For a flat crystal surface aligned to a low-order plane with perhaps a 2D periodic overlayer, the directions of the diffracted spots can generally be reproduced from the electron beam momentum and the reciprocal vectors at the surfaces, but the intensities are a challenge to simulate because low energy electrons interact strongly with each atom and really with individual electrons within each atom.

Nonetheless a very helpful level of agreement between simulated and measured intensity versus incident electron energy curves (or I/V curves) has led to solutions for a large number of complex surface constructions.
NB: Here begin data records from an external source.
(* Let $G'$ be an inflation of the causal structure $G$. A set $\mathbf{V}\subseteq\mathcal{O}(G')$ of observed nodes of $G'$ is injectable if and only if every two-element subset of $\mathbf{V}$ is injectable. Equivalently, the injectable sets are exactly the cliques of the undirected graph on $\mathcal{O}(G')$ in which two nodes are adjacent iff the pair is injectable.
   Context: A causal structure $G$ is a finite DAG with nodes partitioned into observed $\mathcal{O}(G)$ and latent. $\mathrm{An}_G(\mathbf{X})$ denotes the set of ancestors of $\mathbf{X}$ including $\mathbf{X}$; the ancestral subgraph of $\mathbf{X}$ is the induced subgraph on $\mathrm{An}_G(\mathbf{X})$. Inflation: every node of $G'$ is a copy $X_i$ of a node $X$ of $G$, inheriting observed/latent status; $\mathbf{X}'\sim\mathbf{X}$ means $\mathbf{X}'$ contains exactly one copy of each node of $\mathbf{X}$ and nothing else, and for subgraphs $\sim$ also requires edges to correspond under dropping copy-indices. $G'$ is an inflation of $G$ if $\mathrm{Pa}_{G'}(X_i)\sim\mathrm{Pa}_G(X)$ for every node $X_i$ of $G'$. $\mathbf{V}'\subseteq\mathcal{O}(G')$ is injectable if there is $\mathbf{V}\subseteq\mathcal{O}(G)$ with $\mathbf{V}'\sim\mathbf{V}$ and the ancestral subgraph of $\mathbf{V}'$ in $G'$ $\sim$ the ancestral subgraph of $\mathbf{V}$ in $G$. *)

theory Defs
  imports Main
begin

text \<open>A causal structure: node set, directed edge set (pairs (parent, child)),
  and the set of observed nodes (all other nodes are latent).\<close>
record 'a causal =
  nodes :: "'a set"
  edges :: "('a \<times> 'a) set"
  observed :: "'a set"

definition causal_structure :: "('a, 'b) causal_scheme \<Rightarrow> bool" where
  "causal_structure G \<longleftrightarrow> finite (nodes G) \<and> edges G \<subseteq> nodes G \<times> nodes G
     \<and> acyclic (edges G) \<and> observed G \<subseteq> nodes G"

definition parents :: "('a, 'b) causal_scheme \<Rightarrow> 'a \<Rightarrow> 'a set" where
  "parents G x = {y. (y, x) \<in> edges G}"

definition ancestors :: "('a, 'b) causal_scheme \<Rightarrow> 'a set \<Rightarrow> 'a set" where
  "ancestors G X = {y. \<exists>x\<in>X. (y, x) \<in> (edges G)\<^sup>*}"

text \<open>Nodes of an inflation are copies (X, i) of nodes X of G; dropping the
  copy index is \<open>fst\<close>.  \<open>X' \<sim> X\<close> for node sets means \<open>fst\<close> is a bijection X' \<rightarrow> X.\<close>
definition node_corr :: "('a \<times> 'i) set \<Rightarrow> 'a set \<Rightarrow> bool" where
  "node_corr X' X \<longleftrightarrow> bij_betw fst X' X"

definition subgraph_corr ::
  "(('a \<times> 'i), 'c) causal_scheme \<Rightarrow> ('a \<times> 'i) set \<Rightarrow> ('a, 'b) causal_scheme \<Rightarrow> 'a set \<Rightarrow> bool" where
  "subgraph_corr G' A G B \<longleftrightarrow> node_corr A B \<and>
     (\<forall>a\<in>A. \<forall>b\<in>A. (a, b) \<in> edges G' \<longleftrightarrow> (fst a, fst b) \<in> edges G)"

definition inflation ::
  "('a, 'b) causal_scheme \<Rightarrow> (('a \<times> 'i), 'c) causal_scheme \<Rightarrow> bool" where
  "inflation G G' \<longleftrightarrow> causal_structure G' \<and>
     (\<forall>v\<in>nodes G'. fst v \<in> nodes G \<and> (v \<in> observed G' \<longleftrightarrow> fst v \<in> observed G)
        \<and> node_corr (parents G' v) (parents G (fst v)))"

definition injectable ::
  "('a, 'b) causal_scheme \<Rightarrow> (('a \<times> 'i), 'c) causal_scheme \<Rightarrow> ('a \<times> 'i) set \<Rightarrow> bool" where
  "injectable G G' V' \<longleftrightarrow> V' \<subseteq> observed G' \<and>
     (\<exists>V. V \<subseteq> observed G \<and> node_corr V' V \<and>
          subgraph_corr G' (ancestors G' V') G (ancestors G V))"

end

theory Submission
  imports Defs
begin

text \<open>In an inflation every node has exactly one parent copy for each parent of the original
  node, so directed paths of \<open>G\<close> lift to paths of \<open>G'\<close> ending at any prescribed copy of their
  endpoint, and paths of \<open>G'\<close> project to paths of \<open>G\<close>.  Hence dropping copy indices maps the
  ancestral set of \<open>V\<close> in \<open>G'\<close> onto that of its projection in \<open>G\<close>, and edges correspond
  automatically; so \<open>V\<close> is injectable exactly when \<open>fst\<close> is injective on its ancestral set.
  That set is the union of the ancestral sets of the single nodes of \<open>V\<close>, and a map is
  injective on a union iff it is injective on the union of any two of the pieces.\<close>

lemma ancestors_subset_nodes:
  assumes "causal_structure G" "X \<subseteq> nodes G"
  shows "ancestors G X \<subseteq> nodes G"
proof
  fix y assume "y \<in> ancestors G X"
  then obtain x where "(y, x) \<in> (edges G)\<^sup>*" "x \<in> nodes G"
    using assms(2) unfolding ancestors_def by blast
  then show "y \<in> nodes G"
  proof (induction rule: converse_rtrancl_induct)
    case base then show ?case .
  next
    case (step y z)
    then show ?case using assms(1) unfolding causal_structure_def by blast
  qed
qed

lemma subset_ancestors: "X \<subseteq> ancestors G X"
  unfolding ancestors_def by blast

lemma ancestors_UN_singleton: "ancestors G X = (\<Union>x\<in>X. ancestors G {x})"
  unfolding ancestors_def by blast

lemma edge_into_ancestors:
  "(a, b) \<in> edges G \<Longrightarrow> b \<in> ancestors G X \<Longrightarrow> a \<in> ancestors G X"
  unfolding ancestors_def by (blast intro: converse_rtrancl_into_rtrancl)

lemma inflation_parents_image:
  assumes "inflation G G'" "b \<in> nodes G'"
  shows "fst ` parents G' b = parents G (fst b)"
  using assms unfolding inflation_def node_corr_def bij_betw_def by blast

lemma inflation_edge_project:
  assumes "inflation G G'" "(a, b) \<in> edges G'"
  shows "(fst a, fst b) \<in> edges G"
proof -
  have "b \<in> nodes G'"
    using assms unfolding inflation_def causal_structure_def by blast
  moreover have "fst a \<in> fst ` parents G' b" using assms(2) by (simp add: parents_def)
  ultimately show ?thesis
    using inflation_parents_image[OF assms(1)] by (simp add: parents_def)
qed

lemma inflation_edge_lift:
  assumes "inflation G G'" "b \<in> nodes G'" "(u, fst b) \<in> edges G"
  obtains a where "(a, b) \<in> edges G'" "fst a = u"
proof -
  have "u \<in> fst ` parents G' b"
    using inflation_parents_image[OF assms(1,2)] assms(3) by (simp add: parents_def)
  then show ?thesis using that by (auto simp: parents_def)
qed

lemma inflation_path_project:
  assumes "inflation G G'" "(y, x) \<in> (edges G')\<^sup>*"
  shows "(fst y, fst x) \<in> (edges G)\<^sup>*"
  using assms(2)
  by (induction rule: rtrancl_induct)
     (auto intro: rtrancl_into_rtrancl inflation_edge_project[OF assms(1)])

lemma inflation_path_lift:
  assumes inf: "inflation G G'" and "(u, fst x) \<in> (edges G)\<^sup>*" and "x \<in> nodes G'"
  obtains y where "fst y = u" "(y, x) \<in> (edges G')\<^sup>*"
proof -
  have "\<exists>y. fst y = u \<and> (y, x) \<in> (edges G')\<^sup>*"
    if "(u, w) \<in> (edges G)\<^sup>*" "x \<in> nodes G'" "fst x = w" for w x
    using that
  proof (induction arbitrary: x rule: converse_rtrancl_induct)
    case base then show ?case by blast
  next
    case (step u v)
    then obtain y where y: "fst y = v" "(y, x) \<in> (edges G')\<^sup>*" by blast
    have "y \<in> nodes G'"
      using ancestors_subset_nodes[of G' "{x}"] inf step.prems y(2)
      unfolding inflation_def ancestors_def by blast
    with step.hyps(1) y(1) obtain z where "(z, y) \<in> edges G'" "fst z = u"
      using inflation_edge_lift[OF inf] by metis
    then show ?case using y(2) by (blast intro: converse_rtrancl_into_rtrancl)
  qed
  then show ?thesis using assms(2,3) that by blast
qed

lemma inflation_fst_ancestors:
  assumes inf: "inflation G G'" and "X \<subseteq> nodes G'"
  shows "fst ` ancestors G' X = ancestors G (fst ` X)"
proof
  show "fst ` ancestors G' X \<subseteq> ancestors G (fst ` X)"
    using inflation_path_project[OF inf] unfolding ancestors_def by blast
next
  show "ancestors G (fst ` X) \<subseteq> fst ` ancestors G' X"
  proof
    fix u assume "u \<in> ancestors G (fst ` X)"
    then obtain x where "x \<in> X" "(u, fst x) \<in> (edges G)\<^sup>*"
      unfolding ancestors_def by blast
    with assms(2) inflation_path_lift[OF inf] obtain y where "fst y = u" "(y, x) \<in> (edges G')\<^sup>*"
      by blast
    then show "u \<in> fst ` ancestors G' X" using \<open>x \<in> X\<close> unfolding ancestors_def by blast
  qed
qed

text \<open>Injectivity of \<open>fst\<close> alone already forces edges to correspond: a copy of a parent of
  \<open>fst b\<close> in \<open>parents G' b\<close> is itself an ancestor, so it must be \<open>a\<close>.\<close>

lemma inflation_edges_correspond:
  assumes inf: "inflation G G'" and inj: "inj_on fst (ancestors G' X)"
    and a: "a \<in> ancestors G' X" and b: "b \<in> ancestors G' X" and "b \<in> nodes G'"
  shows "(a, b) \<in> edges G' \<longleftrightarrow> (fst a, fst b) \<in> edges G"
proof
  assume "(a, b) \<in> edges G'"
  then show "(fst a, fst b) \<in> edges G" by (rule inflation_edge_project[OF inf])
next
  assume "(fst a, fst b) \<in> edges G"
  with inflation_edge_lift[OF inf \<open>b \<in> nodes G'\<close>]
  obtain c where c: "(c, b) \<in> edges G'" "fst c = fst a" by metis
  have "c \<in> ancestors G' X" using c(1) b by (rule edge_into_ancestors)
  with inj a c(2) have "c = a" by (meson inj_onD)
  with c(1) show "(a, b) \<in> edges G'" by simp
qed

lemma injectable_iff_inj_on_ancestors:
  assumes inf: "inflation G G'" and V: "V \<subseteq> observed G'"
  shows "injectable G G' V \<longleftrightarrow> inj_on fst (ancestors G' V)"
proof
  assume "injectable G G' V"
  then show "inj_on fst (ancestors G' V)"
    unfolding injectable_def subgraph_corr_def node_corr_def bij_betw_def by blast
next
  assume inj: "inj_on fst (ancestors G' V)"
  have G': "causal_structure G'" using inf unfolding inflation_def by blast
  have V_nodes: "V \<subseteq> nodes G'" using V G' unfolding causal_structure_def by blast
  have An_nodes: "ancestors G' V \<subseteq> nodes G'"
    using ancestors_subset_nodes[OF G' V_nodes] .
  have "fst ` V \<subseteq> observed G" using V V_nodes inf unfolding inflation_def by blast
  moreover have "node_corr V (fst ` V)"
    using inj_on_subset[OF inj subset_ancestors] by (simp add: node_corr_def bij_betw_def)
  moreover have "node_corr (ancestors G' V) (ancestors G (fst ` V))"
    using inj inflation_fst_ancestors[OF inf V_nodes] by (simp add: node_corr_def bij_betw_def)
  moreover have "\<forall>a\<in>ancestors G' V. \<forall>b\<in>ancestors G' V. (a, b) \<in> edges G' \<longleftrightarrow> (fst a, fst b) \<in> edges G"
    using inflation_edges_correspond[OF inf inj] An_nodes by blast
  ultimately show "injectable G G' V"
    unfolding injectable_def subgraph_corr_def using V by blast
qed

lemma inj_on_UN_iff_pairwise:
  "inj_on f (\<Union>i\<in>I. A i) \<longleftrightarrow> (\<forall>i\<in>I. \<forall>j\<in>I. inj_on f (A i \<union> A j))"
proof
  assume "inj_on f (\<Union>i\<in>I. A i)"
  then show "\<forall>i\<in>I. \<forall>j\<in>I. inj_on f (A i \<union> A j)"
    by (blast intro: inj_on_subset)
next
  assume pairwise: "\<forall>i\<in>I. \<forall>j\<in>I. inj_on f (A i \<union> A j)"
  show "inj_on f (\<Union>i\<in>I. A i)"
  proof (rule inj_onI)
    fix x y assume "x \<in> (\<Union>i\<in>I. A i)" "y \<in> (\<Union>i\<in>I. A i)" "f x = f y"
    then obtain i j where "i \<in> I" "j \<in> I" "x \<in> A i \<union> A j" "y \<in> A i \<union> A j" by blast
    with pairwise \<open>f x = f y\<close> show "x = y" by (meson inj_onD)
  qed
qed

theorem mainTheorem4:
  fixes G :: "'a causal" and G' :: "('a \<times> nat) causal" and V :: "('a \<times> nat) set"
  assumes "causal_structure G"
    and "inflation G G'"
    and "V \<subseteq> observed G'"
  shows "injectable G G' V \<longleftrightarrow> (\<forall>a\<in>V. \<forall>b\<in>V. injectable G G' {a, b})"
proof -
  have pair_ancestors: "ancestors G' {a, b} = ancestors G' {a} \<union> ancestors G' {b}" for a b
    using ancestors_UN_singleton[of G' "{a, b}"] by simp
  have "injectable G G' {a, b} \<longleftrightarrow> inj_on fst (ancestors G' {a} \<union> ancestors G' {b})"
    if "a \<in> V" "b \<in> V" for a b
  proof -
    have "{a, b} \<subseteq> observed G'" using that assms(3) by blast
    then show ?thesis
      using injectable_iff_inj_on_ancestors[OF assms(2)] pair_ancestors by simp
  qed
  moreover have "injectable G G' V \<longleftrightarrow> inj_on fst (\<Union>v\<in>V. ancestors G' {v})"
    using injectable_iff_inj_on_ancestors[OF assms(2,3)] ancestors_UN_singleton by metis
  ultimately show ?thesis
    by (simp add: inj_on_UN_iff_pairwise)
qed

end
From what I understand these self-consistent dynamical diffraction simulations are based on models for:

  • the physical locations of each atom within the unit cells of the bulk and of the 2D overlayer
  • the geometry of the orientations of these, and spacings between layers near the surface
  • the amplitude and phase shift of electron waves at a given energy passing through and scattered by each atom
  • the "internal energy" of the electron as a function of depth, which for say a 50 eV electron can be another 10 eV or so
  • the way the scattered waves add and produce back-diffracted intensities

I'm currently reading about this kind of simulation in hopes of doing it myself, but I'm overwhelmed by the apparent complexity. One reason for this may be that there is a lot of literature on this from an earlier time when the topic was hot but computers were relatively slow, so a lot of work went into optimization of the algorithms for best performance rather than simplicity of approach.

For example in the beginning of Chapter 6 of the book Low-Energy Electron Diffraction; Experiment, Theory and Surface Structure Determination by Van Hove, M. A., Weinberg, W. H. and Chan, C. -M. 1986, Springer-Verlag the authors write:

...Thus, the more complicated structures investigated in recent years yield costs on the order of US \$ 100 to \$ 500 per structure. As a result, a complete structural analysis in the three quoted situations could cost in practice approximately US \$ 50, \$ 500 and \$ 2,000 to \$ 10,000, respectively.

I have a hunch that 34 years later I could potentially do these on my laptop, if only I could figure out how!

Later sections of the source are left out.